### Exercise objective
Some entries follow. Reproduce exactly the lines starting at the one with "u \<Longrightarrow> cdf_of" and stopping after the one with "X \<omega> \<le> x +".

[Stored data]
▬▬▬▬▬▬

lemma C0_bounded_AE_range:
  assumes cb: "C0_bounded M C0 L X" and X: "X \<in> borel_measurable M"
  shows "AE \<omega> in M. X \<omega> \<in> {0<..L}"
proof -
  note [measurable] = X
  have "{\<omega>\<in>space M. X \<omega> \<in> {0<..L}} = {\<omega>\<in>space M. X \<omega> \<le> L} - {\<omega>\<in>space M. X \<omega> \<le> 0}"
    by auto
  also have "prob \<dots> = cdf_of M X L - cdf_of M X 0"
    unfolding cdf_of_def using C0_bounded_length_pos[OF cb]
    by (intro finite_measure_Diff) auto
  finally have "prob {\<omega>\<in>space M. X \<omega> \<in> {0<..L}} = 1"
    using C0_bounded_cdf[OF cb] by simp
  then have "AE \<omega> in M. \<omega> \<in> {\<omega>\<in>space M. X \<omega> \<in> {0<..L}}" by (rule AE_prob_1)
  then show ?thesis by auto
qed

lemma prob_abs_diff_le:
  assumes X: "X \<in> borel_measurable M" and C0: "C0 \<ge> 0"
    and lip: "\<And>u v. v \<le> u \<Longrightarrow> cdf_of M X u - cdf_of M X v \<le> C0 * (u - v)" and t: "t \<ge> 0"
  shows "prob {\<omega>\<in>space M. \<bar>x - X \<omega>\<bar> \<le> t} \<le> 2 * C0 * t"
proof (rule le_of_le_add_scaled_epsilon[OF C0])
  fix d :: real assume d: "d > 0"
  note [measurable] = X
  define A where "A = {\<omega>\<in>space M. \<bar>x - X \<omega>\<bar> \<le> t}"
  define B where "B = {\<omega>\<in>space M. X \<omega> \<le> x - t - d}"
  have "prob A + prob B = prob (A \<union> B)"
    unfolding A_def B_def using d by (intro finite_measure_Union[symmetric]) auto
  also have "\<dots> \<le> prob {\<omega>\<in>space M. X \<omega> \<le> x + t}"
    unfolding A_def B_def using d t by (intro finite_measure_mono) auto
  finally have "prob A \<le> cdf_of M X (x + t) - cdf_of M X (x - t - d)"
    unfolding cdf_of_def B_def by simp
  also have "\<dots> \<le> C0 * ((x + t) - (x - t - d))" by (rule lip) (use d t in simp)
  finally show "prob A \<le> 2 * C0 * t + C0 * d" by (simp add: algebra_simps)
qed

▬▬▬▬▬▬

### Completed exercise
    and lip: "\<And>u v. v \<le> u \<Longrightarrow> cdf_of M X u - cdf_of M X v \<le> C0 * (u - v)" and t: "t \<ge> 0"
  shows "prob {\<omega>\<in>space M. \<bar>x - X \<omega>\<bar> \<le> t} \<le> 2 * C0 * t"
proof (rule le_of_le_add_scaled_epsilon[OF C0])
  fix d :: real assume d: "d > 0"
  note [measurable] = X
  define A where "A = {\<omega>\<in>space M. \<bar>x - X \<omega>\<bar> \<le> t}"
  define B where "B = {\<omega>\<in>space M. X \<omega> \<le> x - t - d}"
  have "prob A + prob B = prob (A \<union> B)"
    unfolding A_def B_def using d by (intro finite_measure_Union[symmetric]) auto
  also have "\<dots> \<le> prob {\<omega>\<in>space M. X \<omega> \<le> x + t}"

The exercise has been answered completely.